Monday, July 16, 2012

Is this the 'missing link' between dinosaurs and birds? Vestige egg discovered in Spain shows 'common forebear


Dinosaurs

The 'missing link' which proves the relationship among dinosaurs and birds may have been found.
It is a widely-held view that dinosaurs and birds share the same heritage, and an egg exposed in the Montsec area of Lleida, near Catalonia in Eastern Spain, shares individuality of both species.
The dinosaur egg, dating back 70 to 83 million years, has an oval shape, similar in exterior to a chicken egg, and an 'air bag' inside which birds today use to respire in the last stages of its growth.
The new type of dinosaur egg has been given the technical name of Sankofa pyrenaica and is the only dinosaur egg in the world to have an oval shape, alike to that of chicken eggs.
Nieves López Martínez, palaeontologist of the Complutense University of Madrid, was working on investigate of dinosaur eggs before her death in December 2010.
Together with Enric Vicens, palaeontologist of the Universitat Autònoma de Barcelona, the two scientists conducted a thorough analysis of their detection, now published in the journal Palaeontology.
The South Pyrenean area is rich in dinosaur egg sites, most of which communicate to sauropod eggs from the upper Cretaceous, dating back more than 70 million years ago.

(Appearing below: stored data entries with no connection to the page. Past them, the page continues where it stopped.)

lemma block_moment_Suc_less:
  assumes "0 < block_moment j m r"
  shows "block_moment j (Suc m) r < block_moment j m r"
proof -
  obtain t where t: "t < b^r" "block_term j m r t \<noteq> 0"
    using assms sum.not_neutral_contains_not_neutral[of "block_term j m r" "{..<b^r}"]
    unfolding block_moment_def by force
  then have "0 < block_term j m r t"
    using block_term_nonneg by (simp add: less_le)
  then show ?thesis
    unfolding block_moment_def using t(1)
    by (intro sum_strict_mono_ex1) (auto intro: block_term_Suc_le block_term_Suc_less)
qed

lemma u_coef_Suc_le: "u_coef b d j (Suc m) \<le> u_coef b d j m"
  using block_moment_Suc_le block_moment_sums_u_coef block_moment_sums_u_coef by (rule sums_le)

lemma u_coef_Suc_less:
  assumes "0 < u_coef b d j m"
  shows "u_coef b d j (Suc m) < u_coef b d j m"
proof -
  have "0 < suminf (block_moment j m)"
    using assms sums_unique[OF block_moment_sums_u_coef] by simp
  then obtain r where "0 < block_moment j m r"
    using suminf_pos_iff[OF summable_block_moment block_moment_nonneg] by blast
  then have "0 < (\<Sum>r. block_moment j m r - block_moment j (Suc m) r)"
    using block_moment_Suc_le block_moment_Suc_less
    by (intro suminf_pos2[of _ r] summable_diff summable_block_moment) auto
  then show ?thesis
    using sums_unique[OF sums_diff[OF block_moment_sums_u_coef block_moment_sums_u_coef, of j m j "Suc m"]]
    by simp
qed

lemma u_coef_le_base: "u_coef b d j m \<le> real b"
proof (induction m)
  case (Suc m)
  then show ?case using u_coef_Suc_le[of j m] by linarith
qed (simp add: u_coef_0)

lemma gamma_pow_pos:
  assumes "\<not> (b = 2 \<and> d = 1)"
  shows "0 < gamma_pow b d i"
proof -
  obtain a where "a < b" "a \<noteq> d" "0 < a"
  proof (cases "d = 1")
    case True
    then show ?thesis using that[of 2] assms base_ge_2 by auto
  next
    case False
    then show ?thesis using that[of 1] base_ge_2 by auto
  qed
  then show ?thesis
    unfolding gamma_pow_def by (intro sum_pos2[of _ a]) auto
qed

lemma gamma_convolution_ge_last:
  assumes "1 \<le> m" "\<And>k. k < m \<Longrightarrow> 0 \<le> X k"
  shows "gamma_pow b d m * X 0 \<le> gamma_convolution X m"
proof -
  have "real (m choose m) * gamma_pow b d m * X (m - m) \<le> gamma_convolution X m"
    unfolding gamma_convolution_def using assms
    by (intro member_le_sum mult_nonneg_nonneg gamma_pow_nonneg) auto
  then show ?thesis by simp
qed

lemma digit_convolution_ge_first:
  assumes "\<And>k. k \<le> m \<Longrightarrow> 0 \<le> X k"
  shows "X m \<le> digit_convolution X m"
proof -
  have "real (m choose 0) * real d ^ 0 * X (m - 0) \<le> digit_convolution X m"
    unfolding digit_convolution_def using assms by (intro member_le_sum mult_nonneg_nonneg) auto
  then show ?thesis by simp
qed

lemma digit_convolution_ge_last:
  assumes "\<And>k. k \<le> m \<Longrightarrow> 0 \<le> X k"
  shows "real d ^ m * X 0 \<le> digit_convolution X m"
proof -
  have "real (m choose m) * real d ^ m * X (m - m) \<le> digit_convolution X m"
    unfolding digit_convolution_def using assms by (intro member_le_sum mult_nonneg_nonneg) auto
  then show ?thesis by simp
qed

lemma u_coef_pos:
  assumes "1 \<le> m" "\<not> (j = 0 \<and> b = 2 \<and> d = 1)"
  shows "0 < u_coef b d j m"
proof -
  have "0 < gamma_convolution (u_coef b d j) m + (if j = 0 then 0 else digit_convolution (u_coef b d (j - 1)) m)"
  proof (cases "b = 2 \<and> d = 1")
    case True
    then have "0 < real d ^ m * u_coef b d (j - 1) 0"
      unfolding u_coef_0 by simp
    also have "\<dots> \<le> digit_convolution (u_coef b d (j - 1)) m"
      by (rule digit_convolution_ge_last) (rule u_coef_nonneg)
    finally have "0 < digit_convolution (u_coef b d (j - 1)) m" .
    moreover have "j \<noteq> 0"
      using True assms(2) by simp
    moreover have "0 \<le> gamma_convolution (u_coef b d j) m"
      by (rule gamma_convolution_nonneg) (rule u_coef_nonneg)
    ultimately show ?thesis by simp
  next
    case False
    have "0 < gamma_pow b d m * u_coef b d j 0"
      using gamma_pow_pos[OF False] base_pos by (simp add: u_coef_0)
    also have "\<dots> \<le> gamma_convolution (u_coef b d j) m"
      using assms(1) by (rule gamma_convolution_ge_last) (rule u_coef_nonneg)
    finally have "0 < gamma_convolution (u_coef b d j) m" .
    moreover have "0 \<le> digit_convolution (u_coef b d (j - 1)) m"
      by (rule digit_convolution_nonneg) (rule u_coef_nonneg)
    ultimately show ?thesis by (simp add: add_pos_nonneg)
  qed
  then have "0 < (real b ^ (m+1) - real b + 1) * u_coef b d j m"
    using u_coef_recursion[of m j] assms(1) by simp
  then show ?thesis
    using recursion_denominator_pos[of m] by (simp add: zero_less_mult_iff)
qed

section \<open>Monotonicity and limit in \<open>j\<close>\<close>

lemma u_coef_Suc_level_diff_recursion:
  assumes "1 \<le> m"
  shows "(real b ^ (m+1) - real b + 1) * (u_coef b d (Suc j) m - u_coef b d j m) =
     gamma_convolution (\<lambda>k. u_coef b d (Suc j) k - u_coef b d j k) m
     + digit_convolution (\<lambda>k. u_coef b d j k - (if j = 0 then 0 else u_coef b d (j - 1) k)) m"
  using u_coef_recursion[of m "Suc j"] u_coef_recursion[of m j] assms
  by (cases j) (simp_all add: gamma_convolution_diff digit_convolution_diff algebra_simps)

During that period, the area was a coastal area full of beaches and deltas which won land from the sea through residue buildup.

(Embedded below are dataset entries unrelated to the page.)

lemma is_graft_G_tree: "is_graft (skel S) G_tree"
  unfolding is_graft_def root_G_tree maxnodes_G_tree impl_G_tree
proof (intro conjI)
  have "(v, 1) \<in> Implants" using v_Exposed unfolding Implants_def by simp
  then have "implant v 1 \<in> nodes G_tree" by (simp add: implant_in_G_nodes)
  then show "\<exists>a \<in> nodes G_tree. \<exists>b \<in> nodes G_tree. a \<noteq> b"
    using root_in_G_nodes implant_ne_Inl(2) by (metis G_simps(3))
  show "antichain (skel S) (Inl ` Minimal)"
    unfolding antichain_def using Minimal_antichain by (auto simp: strict_prefix_def)
  show "Inl ` Minimal \<subseteq> {x \<in> nodes (skel S). lt (skel S) (Inl v) x}"
    using v_strict_prefix_Minimal by auto
  show "Implant_nodes \<inter> nodes (skel S) = {}" by (auto elim: Implant_nodesE simp: implant_def)
qed (use is_tree_G_tree is_least_G_tree in auto)

lemma foliage_graft_G: "foliage_graft S G"
  unfolding foliage_graft_def
  using is_tree_G_tree nonincreasing_G is_graft_G_tree U_subset_cyl
  by (auto simp: is_ftree_def root_G_tree maxnodes_G_tree G_leaf_root)

end

theorem mainTheorem14:
  fixes v :: "nat list" and U :: "(nat \<Rightarrow> nat) set"
  assumes "U \<subset> leaf S (Inl v)"
    and "open U"
    and "pi_dense_at U v"
  shows "\<exists>G :: (node, nat \<Rightarrow> nat) ftree.
           is_ftree G \<and>
           root (skel G) = Inl v \<and>
           height_le_omega (skel G) \<and>
           aleph0_branching (skel G) \<and>
           bounded_chains (skel G) \<and>
           locally_strict G \<and>
           open_ftree G \<and>
           foliage_graft S G \<and>
           preserves_shoots S G \<and>
           impl (skel G) \<noteq> {} \<and>
           cut S G = leaf S (Inl v) - U \<and>
           U = (\<Union>z \<in> maxnodes (skel G). leaf S z) \<and>
           disjoint_family_on (leaf S) (maxnodes (skel G))"
proof -
  interpret baire_graft v U
    using assms by unfold_locales auto
  have "(v, 1) \<in> Implants" using v_Exposed unfolding Implants_def by simp
  then have "implant v 1 \<in> impl (skel G)" by (simp add: impl_G_tree)
  then have "impl (skel G) \<noteq> {}" by blast
  moreover have "disjoint_family_on (leaf S) (maxnodes (skel G))"
    using disjoint_family_maxnodes by (simp add: maxnodes_G_tree disjoint_family_on_def)
  ultimately show ?thesis
    using is_tree_G_tree root_G_tree height_le_omega_G_tree aleph0_branching_G_tree
      bounded_chains_G_tree locally_strict_G open_G_leaf foliage_graft_G preserves_shoots_G
      U_eq_Union_Minimal G_leaf_root
    by (intro exI[of _ G]) (auto simp: is_ftree_def open_ftree_def cut_def maxnodes_G_tree)
qed

end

Sand and mud from that period gave way, millions of years later, to the stonework and marl where dinosaur leftovers now can be found. On the seashore ridges and flat coastal lands is where a large group of dinosaurs laid their eggs.
The sites anywhere the discoveries were made correspond to the upper Cretaceous, between the Campanian and Maastrichtian periods, some 70 to 83 million years ago.

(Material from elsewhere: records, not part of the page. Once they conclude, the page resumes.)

text \<open>Only the algebra structure of H enters.
  If I has finite codimension, the infinitely many independent powers of x cannot stay
  independent modulo I, so some nonzero element of their span, which lies in P, belongs to I.
  Conversely, let 0 \<noteq> f \<in> I \<inter> P. After multiplication by a power of x (needed only in the
  Laurent case) f is a polynomial c_0 + ... + c_d x^d \<in> I with c_d \<noteq> 0. Multiplying it by
  g x^(n-d) shows that g x^n is congruent modulo I to a combination of g x^(n-d), ...,
  g x^(n-1), so every g x^n lies in span {g x^j | j < d} + I. For Laurent polynomials the
  same argument with y = x^-1 in place of x handles the negative powers. Letting g run
  over finitely many generators of H as a right P-module gives H = span F + I, F finite.\<close>

lemma zpow_swap: "zpow y x i = zpow x y (- i)"
  by (simp add: zpow_def)

locale ring_vector_space = vector_space scale
  for scale :: "'k::field \<Rightarrow> 'h::ring_1 \<Rightarrow> 'h" (infixr \<open>*s\<close> 75) +
  assumes scale_right_mult: "c *s (a * b) = a * (c *s b)"
begin

lemma left_mult_span_subspace:
  assumes "subspace T" "\<And>s. s \<in> S \<Longrightarrow> a * s \<in> T" "p \<in> span S"
  shows "a * p \<in> T"
proof -
  have "subspace {p. a * p \<in> T}"
    using \<open>subspace T\<close> unfolding subspace_def
    by (auto simp: distrib_left scale_right_mult[symmetric])
  then show ?thesis
    using span_minimal[of S "{p. a * p \<in> T}"] assms by auto
qed

lemma span_powers_sum:
  assumes "f \<in> span (range (\<lambda>n. x ^ n))"
  shows "\<exists>d c. f = (\<Sum>j\<le>d. c j *s x ^ j)"
  using assms
proof (induction rule: span_induct_alt)
  case base
  show ?case by (intro exI[of _ 0] exI[of _ "\<lambda>_. 0"]) simp
next
  case (step a v f)
  then obtain n c d where v: "v = x ^ n" and f: "f = (\<Sum>j\<le>d. c j *s x ^ j)" by blast
  define c' where "c' j = (if j = n then a else 0) + (if j \<le> d then c j else 0)" for j
  have "{..max n d} \<inter> {j. j \<le> d} = {..d}" by auto
  then have "(\<Sum>j\<le>max n d. c' j *s x ^ j) = a *s v + f"
    unfolding c'_def v f
    by (simp add: scale_left_distrib sum.distrib if_distrib[of "\<lambda>c. c *s _"] sum.If_cases)
  then show ?case by (intro exI) (rule sym)
qed

lemma span_powers_leading_coeff:
  assumes "f \<in> span (range (\<lambda>n. x ^ n))" "f \<noteq> 0"
  shows "\<exists>c d. f = (\<Sum>j\<le>d. c j *s x ^ j) \<and> c d \<noteq> 0"
proof -
  define d where "d = (LEAST d. \<exists>c. f = (\<Sum>j\<le>d. c j *s x ^ j))"
  obtain c where c: "f = (\<Sum>j\<le>d. c j *s x ^ j)"
    using LeastI_ex[OF span_powers_sum[OF assms(1)], folded d_def] by blast
  have "c d \<noteq> 0"
  proof
    assume "c d = 0"
    show False
    proof (cases d)
      case 0
      then show False using c \<open>c d = 0\<close> assms(2) by simp
    next
      case (Suc d')
      then have "\<exists>c. f = (\<Sum>j\<le>d'. c j *s x ^ j)" using c \<open>c d = 0\<close> by auto
      then have "d \<le> d'" unfolding d_def by (rule Least_le)
      then show False using Suc by simp
    qed
  qed
  then show ?thesis using c by blast
qed

lemma power_mult_span_powers:
  assumes "p \<in> span (range (\<lambda>n. x ^ n))"
  shows "x ^ k * p \<in> span (range (\<lambda>n. x ^ n))"
  by (rule left_mult_span_subspace[OF subspace_span _ assms])
    (auto simp: power_add[symmetric] intro: span_base)

lemma span_zpow_shift_to_powers:
  assumes "x * y = 1" "f \<in> span (range (zpow x y))"
  shows "\<exists>a. x ^ a * f \<in> span (range (\<lambda>n. x ^ n))"
  using assms(2)
proof (induction rule: span_induct_alt)
  case base
  show ?case by (auto intro: span_zero)
next
  case (step c z g)
  then obtain i a where z: "z = zpow x y i" and g: "x ^ a * g \<in> span (range (\<lambda>n. x ^ n))"
    by blast
  have "x ^ nat (- i) * z \<in> range (\<lambda>n. x ^ n)"
    using left_right_inverse_power[OF assms(1)] unfolding z zpow_def
    by (auto intro: range_eqI[of _ _ 0])
  then have "x ^ (a + nat (- i)) * z \<in> span (range (\<lambda>n. x ^ n))"
    using power_mult_span_powers[OF span_base, of _ _ a] by (simp add: power_add mult.assoc)
  moreover have "x ^ (a + nat (- i)) * g \<in> span (range (\<lambda>n. x ^ n))"
    using power_mult_span_powers[OF g, of "nat (- i)"]
    by (simp add: power_add[symmetric] mult.assoc[symmetric] add.commute)
  ultimately have "x ^ (a + nat (- i)) * (c *s z + g) \<in> span (range (\<lambda>n. x ^ n))"
    by (simp add: distrib_left scale_right_mult[symmetric] span_add span_scale)
  then show ?case by (rule exI)
qed

lemma independent_powers_in_subalg:
  assumes "is_poly_subalg scale P x \<or> is_laurent_subalg scale P x"
  shows "inj (\<lambda>n::nat. x ^ n) \<and> independent (range (\<lambda>n::nat. x ^ n))
    \<and> span (range (\<lambda>n::nat. x ^ n)) \<subseteq> P"
  using assms
proof
  assume "is_poly_subalg scale P x"
  then show ?thesis unfolding is_poly_subalg_def by blast
next
  assume "is_laurent_subalg scale P x"
  then obtain y where y: "inj (zpow x y)" "independent (range (zpow x y))"
    "P = span (range (zpow x y))"
    unfolding is_laurent_subalg_def by blast
  have powers: "(\<lambda>n::nat. x ^ n) = zpow x y \<circ> int"
    by (simp add: zpow_def comp_def)
  have "range (\<lambda>n::nat. x ^ n) \<subseteq> range (zpow x y)"
    unfolding powers by auto
  moreover have "inj (zpow x y \<circ> int)"
    using y(1) inj_of_nat by (rule inj_compose)
  ultimately show ?thesis
    using y independent_mono span_mono unfolding powers by metis
qed

end

locale ring_vector_space_ideal = ring_vector_space scale
  for scale :: "'k::field \<Rightarrow> 'h::ring_1 \<Rightarrow> 'h" (infixr \<open>*s\<close> 75) +
  fixes I :: "'h set"
  assumes left_ideal: "left_ideal scale I"
begin

lemma subspace_ideal: "subspace I"
  using left_ideal unfolding left_ideal_def subspace_def by auto

lemma ideal_left_mult: "a \<in> I \<Longrightarrow> h * a \<in> I"
  using left_ideal unfolding left_ideal_def by auto

definition span_plus_ideal :: "'h set \<Rightarrow> 'h set" where
  "span_plus_ideal F = {h. \<exists>g\<in>span F. h - g \<in> I}"

lemma subspace_span_plus_ideal: "subspace (span_plus_ideal F)"
proof (rule subspaceI)
  show "0 \<in> span_plus_ideal F"
    unfolding span_plus_ideal_def using subspace_0[OF subspace_ideal] span_zero by force
next
  fix a b assume "a \<in> span_plus_ideal F" "b \<in> span_plus_ideal F"
  then obtain g1 g2 where "g1 \<in> span F" "a - g1 \<in> I" "g2 \<in> span F" "b - g2 \<in> I"
    unfolding span_plus_ideal_def by auto
  then show "a + b \<in> span_plus_ideal F"
    unfolding span_plus_ideal_def
    by (intro CollectI bexI[of _ "g1 + g2"])
      (auto intro: span_add dest: subspace_add[OF subspace_ideal] simp: algebra_simps)
next
  fix c a assume "a \<in> span_plus_ideal F"
  then obtain g where "g \<in> span F" "a - g \<in> I"
    unfolding span_plus_ideal_def by auto
  then show "c *s a \<in> span_plus_ideal F"
    unfolding span_plus_ideal_def
    by (intro CollectI bexI[of _ "c *s g"])
      (auto intro: span_scale dest: subspace_scale[OF subspace_ideal]
        simp: scale_right_diff_distrib[symmetric])
qed

lemma span_plus_ideal_mono: "F \<subseteq> F' \<Longrightarrow> span_plus_ideal F \<subseteq> span_plus_ideal F'"
  unfolding span_plus_ideal_def using span_mono by blast

lemma base_in_span_plus_ideal: "a \<in> F \<Longrightarrow> a \<in> span_plus_ideal F"
  unfolding span_plus_ideal_def using subspace_0[OF subspace_ideal] span_base by force

lemma ideal_in_span_plus_ideal: "a \<in> I \<Longrightarrow> a \<in> span_plus_ideal F"
  unfolding span_plus_ideal_def using span_zero by force

lemma finite_codim_iff: "finite_codim scale I \<longleftrightarrow> (\<exists>F. finite F \<and> span_plus_ideal F = UNIV)"
  unfolding finite_codim_def span_plus_ideal_def by blast

lemma independent_image_mod_ideal:
  assumes M: "independent M" "span M \<inter> I \<subseteq> {0}" and r: "\<And>h. h - r h \<in> I"
  shows "inj_on r M \<and> independent (r ` M)"
proof
  have zero: "v = 0" if "v \<in> span M" "v \<in> I" for v
    using M(2) that by blast
  have indep: "\<forall>v\<in>T. c v = 0" if "T \<subseteq> M" "finite T" "(\<Sum>v\<in>T. c v *s v) = 0" for T c
    using M(1) that unfolding independent_explicit_finite_subsets by blast
  show inj: "inj_on r M"
  proof (rule inj_onI)
    fix m1 m2 assume m: "m1 \<in> M" "m2 \<in> M" "r m1 = r m2"
    have "(m1 - r m1) - (m2 - r m2) \<in> I"
      by (rule subspace_diff[OF subspace_ideal r r])
    then have "m1 - m2 \<in> I" using m(3) by simp
    then show "m1 = m2" using zero[of "m1 - m2"] m by (simp add: span_diff span_base)
  qed
  show "independent (r ` M)"
    unfolding independent_explicit_finite_subsets
  proof (intro allI impI ballI)
    fix S u v assume S: "S \<subseteq> r ` M" "finite S" and sum0: "(\<Sum>v\<in>S. u v *s v) = 0" and "v \<in> S"
    then obtain T where T: "T \<subseteq> M" "S = r ` T" by (auto simp: subset_image_iff)
    have inj_T: "inj_on r T" using inj_on_subset[OF inj T(1)] .
    then have "finite T" using S(2) T(2) finite_imageD by blast
    define w where "w = (\<Sum>m\<in>T. u (r m) *s m)"
    have "w = w - (\<Sum>m\<in>T. u (r m) *s r m)"
      using sum0 unfolding T(2) sum.reindex[OF inj_T] by simp
    also have "\<dots> = (\<Sum>m\<in>T. u (r m) *s (m - r m))"
      unfolding w_def by (simp add: sum_subtractf[symmetric] scale_right_diff_distrib)
    finally have "w \<in> I"
      by (simp add: subspace_sum[OF subspace_ideal] subspace_scale[OF subspace_ideal] r)
    moreover have "w \<in> span M"
      unfolding w_def using T(1) by (intro span_sum span_scale) (auto intro: span_base)
    ultimately have "w = 0" by (rule zero[rotated])
    then have "\<forall>m\<in>T. u (r m) = 0"
      unfolding w_def by (rule indep[OF T(1) \<open>finite T\<close>])
    then show "u v = 0" using \<open>v \<in> S\<close> T(2) by blast
  qed
qed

The fossils found belong to small eggs measuring some 7 centimeters tall and 4 cm wide, while the eggshell was on standard 0.27mm thick.
Most of the eggs found were broken in small wreckage, but scientists also discovered more or less complete eggs, which can be easily deliberate in sections.
The eggs found at the sites all belong to the same species. The main difference when compare to other eggs from the same period is their irregular shape, similar to that of chicken eggs.